╭──

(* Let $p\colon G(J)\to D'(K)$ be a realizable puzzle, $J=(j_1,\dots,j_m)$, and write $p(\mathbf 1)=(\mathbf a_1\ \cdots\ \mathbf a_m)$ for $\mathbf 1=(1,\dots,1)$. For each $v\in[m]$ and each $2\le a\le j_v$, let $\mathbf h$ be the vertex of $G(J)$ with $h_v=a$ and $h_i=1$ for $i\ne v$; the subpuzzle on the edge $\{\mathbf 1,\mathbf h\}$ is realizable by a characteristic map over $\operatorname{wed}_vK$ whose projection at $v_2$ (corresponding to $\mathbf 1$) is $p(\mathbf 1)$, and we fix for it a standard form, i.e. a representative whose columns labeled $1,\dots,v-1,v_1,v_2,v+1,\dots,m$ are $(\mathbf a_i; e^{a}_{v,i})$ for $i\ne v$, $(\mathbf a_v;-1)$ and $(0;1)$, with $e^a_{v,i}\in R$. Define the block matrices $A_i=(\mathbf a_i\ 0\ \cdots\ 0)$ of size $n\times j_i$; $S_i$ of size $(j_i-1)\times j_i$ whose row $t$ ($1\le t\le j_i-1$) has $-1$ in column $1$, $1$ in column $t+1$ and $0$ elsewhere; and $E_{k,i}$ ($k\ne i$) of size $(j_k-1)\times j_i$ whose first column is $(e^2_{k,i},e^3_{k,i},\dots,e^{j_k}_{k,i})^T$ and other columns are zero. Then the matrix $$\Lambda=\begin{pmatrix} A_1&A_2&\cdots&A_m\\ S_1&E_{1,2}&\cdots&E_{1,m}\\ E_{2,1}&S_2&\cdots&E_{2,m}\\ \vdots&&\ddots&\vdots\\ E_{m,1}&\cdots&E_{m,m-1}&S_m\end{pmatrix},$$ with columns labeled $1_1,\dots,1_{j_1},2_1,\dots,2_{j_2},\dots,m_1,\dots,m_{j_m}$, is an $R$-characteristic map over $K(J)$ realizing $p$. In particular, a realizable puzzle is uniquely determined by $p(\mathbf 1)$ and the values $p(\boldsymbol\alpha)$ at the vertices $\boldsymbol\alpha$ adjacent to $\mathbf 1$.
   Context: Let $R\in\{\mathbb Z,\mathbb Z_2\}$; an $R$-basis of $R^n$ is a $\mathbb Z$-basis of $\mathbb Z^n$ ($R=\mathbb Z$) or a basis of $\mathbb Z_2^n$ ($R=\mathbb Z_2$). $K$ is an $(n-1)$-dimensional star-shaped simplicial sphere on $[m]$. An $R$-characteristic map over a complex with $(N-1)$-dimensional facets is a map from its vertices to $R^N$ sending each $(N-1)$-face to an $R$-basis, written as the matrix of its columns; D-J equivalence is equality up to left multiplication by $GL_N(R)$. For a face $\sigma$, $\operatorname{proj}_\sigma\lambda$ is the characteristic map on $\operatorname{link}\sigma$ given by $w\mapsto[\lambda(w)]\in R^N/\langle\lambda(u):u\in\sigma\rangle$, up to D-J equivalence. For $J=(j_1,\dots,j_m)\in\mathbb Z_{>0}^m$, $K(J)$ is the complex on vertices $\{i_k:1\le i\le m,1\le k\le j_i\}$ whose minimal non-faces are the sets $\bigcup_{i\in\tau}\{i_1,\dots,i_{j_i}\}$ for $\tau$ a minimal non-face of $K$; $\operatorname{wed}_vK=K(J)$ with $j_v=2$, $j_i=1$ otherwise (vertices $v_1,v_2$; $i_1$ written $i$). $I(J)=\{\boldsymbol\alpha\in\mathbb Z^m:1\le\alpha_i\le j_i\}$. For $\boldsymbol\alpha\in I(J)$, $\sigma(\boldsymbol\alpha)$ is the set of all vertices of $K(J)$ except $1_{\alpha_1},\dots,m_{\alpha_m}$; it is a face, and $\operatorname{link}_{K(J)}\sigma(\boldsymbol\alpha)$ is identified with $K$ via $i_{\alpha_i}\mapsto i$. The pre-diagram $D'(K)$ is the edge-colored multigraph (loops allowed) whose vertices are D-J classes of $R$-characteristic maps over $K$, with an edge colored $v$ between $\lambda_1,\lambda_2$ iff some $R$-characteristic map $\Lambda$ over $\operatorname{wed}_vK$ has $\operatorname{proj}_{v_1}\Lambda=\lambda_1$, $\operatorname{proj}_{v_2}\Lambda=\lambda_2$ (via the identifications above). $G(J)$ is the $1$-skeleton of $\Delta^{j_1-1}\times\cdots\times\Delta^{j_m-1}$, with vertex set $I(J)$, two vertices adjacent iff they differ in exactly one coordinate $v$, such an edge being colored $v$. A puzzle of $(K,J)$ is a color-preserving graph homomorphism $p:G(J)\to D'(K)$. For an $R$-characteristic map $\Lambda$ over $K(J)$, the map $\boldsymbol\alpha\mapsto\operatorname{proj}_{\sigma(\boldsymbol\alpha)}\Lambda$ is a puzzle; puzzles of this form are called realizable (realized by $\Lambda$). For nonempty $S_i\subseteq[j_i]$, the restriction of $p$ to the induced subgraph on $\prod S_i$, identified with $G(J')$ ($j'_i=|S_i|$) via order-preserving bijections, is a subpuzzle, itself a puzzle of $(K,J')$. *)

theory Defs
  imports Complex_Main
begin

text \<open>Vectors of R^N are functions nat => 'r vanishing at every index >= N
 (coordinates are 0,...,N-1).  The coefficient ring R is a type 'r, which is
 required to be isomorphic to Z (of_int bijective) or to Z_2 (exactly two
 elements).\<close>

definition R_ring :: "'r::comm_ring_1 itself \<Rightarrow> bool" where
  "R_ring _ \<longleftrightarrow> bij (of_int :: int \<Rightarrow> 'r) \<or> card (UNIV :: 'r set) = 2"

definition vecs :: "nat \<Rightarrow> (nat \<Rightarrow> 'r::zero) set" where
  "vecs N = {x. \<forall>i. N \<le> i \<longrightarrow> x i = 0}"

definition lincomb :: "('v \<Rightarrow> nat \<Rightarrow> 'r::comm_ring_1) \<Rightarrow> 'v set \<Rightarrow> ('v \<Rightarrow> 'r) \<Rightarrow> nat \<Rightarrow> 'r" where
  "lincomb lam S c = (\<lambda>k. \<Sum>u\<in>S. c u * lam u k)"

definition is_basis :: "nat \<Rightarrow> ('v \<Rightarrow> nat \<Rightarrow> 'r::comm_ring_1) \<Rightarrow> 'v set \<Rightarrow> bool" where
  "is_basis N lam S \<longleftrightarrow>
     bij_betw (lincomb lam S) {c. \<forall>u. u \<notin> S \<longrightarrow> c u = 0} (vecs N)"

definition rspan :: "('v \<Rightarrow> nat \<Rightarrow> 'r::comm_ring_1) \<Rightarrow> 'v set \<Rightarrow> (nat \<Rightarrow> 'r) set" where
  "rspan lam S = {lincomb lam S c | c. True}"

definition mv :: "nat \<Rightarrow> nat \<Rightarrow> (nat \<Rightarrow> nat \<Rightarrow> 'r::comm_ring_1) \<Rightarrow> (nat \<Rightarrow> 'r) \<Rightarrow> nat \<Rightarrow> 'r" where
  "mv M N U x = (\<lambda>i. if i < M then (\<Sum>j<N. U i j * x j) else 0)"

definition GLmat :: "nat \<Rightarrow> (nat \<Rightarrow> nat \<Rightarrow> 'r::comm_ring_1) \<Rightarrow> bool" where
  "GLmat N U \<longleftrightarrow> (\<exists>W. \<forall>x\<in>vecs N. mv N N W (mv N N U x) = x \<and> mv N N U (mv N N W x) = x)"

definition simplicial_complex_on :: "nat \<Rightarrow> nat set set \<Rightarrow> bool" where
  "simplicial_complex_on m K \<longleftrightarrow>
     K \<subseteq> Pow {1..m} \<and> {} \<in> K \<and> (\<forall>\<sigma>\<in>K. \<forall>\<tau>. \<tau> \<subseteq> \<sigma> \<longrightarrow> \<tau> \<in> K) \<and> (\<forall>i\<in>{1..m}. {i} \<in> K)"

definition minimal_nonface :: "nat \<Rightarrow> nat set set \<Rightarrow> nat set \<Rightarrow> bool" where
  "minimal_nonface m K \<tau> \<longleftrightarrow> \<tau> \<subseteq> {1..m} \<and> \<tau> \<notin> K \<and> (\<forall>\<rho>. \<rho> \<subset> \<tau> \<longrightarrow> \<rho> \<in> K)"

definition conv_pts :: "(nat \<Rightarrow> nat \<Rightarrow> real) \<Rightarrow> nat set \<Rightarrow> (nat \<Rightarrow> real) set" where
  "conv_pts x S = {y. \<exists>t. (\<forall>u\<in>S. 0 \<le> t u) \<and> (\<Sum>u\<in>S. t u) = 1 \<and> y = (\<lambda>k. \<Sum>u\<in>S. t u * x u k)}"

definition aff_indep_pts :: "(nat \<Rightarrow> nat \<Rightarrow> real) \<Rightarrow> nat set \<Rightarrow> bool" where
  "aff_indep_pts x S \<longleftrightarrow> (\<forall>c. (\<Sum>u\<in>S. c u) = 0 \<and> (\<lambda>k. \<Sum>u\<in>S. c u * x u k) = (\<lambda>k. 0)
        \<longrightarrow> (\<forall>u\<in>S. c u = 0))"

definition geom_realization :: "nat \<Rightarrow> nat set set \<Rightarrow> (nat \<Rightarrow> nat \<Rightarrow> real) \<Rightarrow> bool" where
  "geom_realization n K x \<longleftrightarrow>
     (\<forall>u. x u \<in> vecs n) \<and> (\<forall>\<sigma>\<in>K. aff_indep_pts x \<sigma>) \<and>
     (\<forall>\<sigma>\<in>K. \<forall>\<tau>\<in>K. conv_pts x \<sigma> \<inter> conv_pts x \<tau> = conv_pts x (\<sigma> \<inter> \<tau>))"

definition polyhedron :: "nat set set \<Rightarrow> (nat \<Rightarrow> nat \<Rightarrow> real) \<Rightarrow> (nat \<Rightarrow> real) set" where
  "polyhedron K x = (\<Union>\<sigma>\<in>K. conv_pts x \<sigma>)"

╰──

» **Exercise objective**
Exactly the lines from the one containing "(\<forall>\<sigma>\<in>K. \<forall>\<tau>\<in>K. conv_pts" through the end of the records above should be returned, with both ends kept.

» **Output of the task**
     (\<forall>\<sigma>\<in>K. \<forall>\<tau>\<in>K. conv_pts x \<sigma> \<inter> conv_pts x \<tau> = conv_pts x (\<sigma> \<inter> \<tau>))"

definition polyhedron :: "nat set set \<Rightarrow> (nat \<Rightarrow> nat \<Rightarrow> real) \<Rightarrow> (nat \<Rightarrow> real) set" where
  "polyhedron K x = (\<Union>\<sigma>\<in>K. conv_pts x \<sigma>)"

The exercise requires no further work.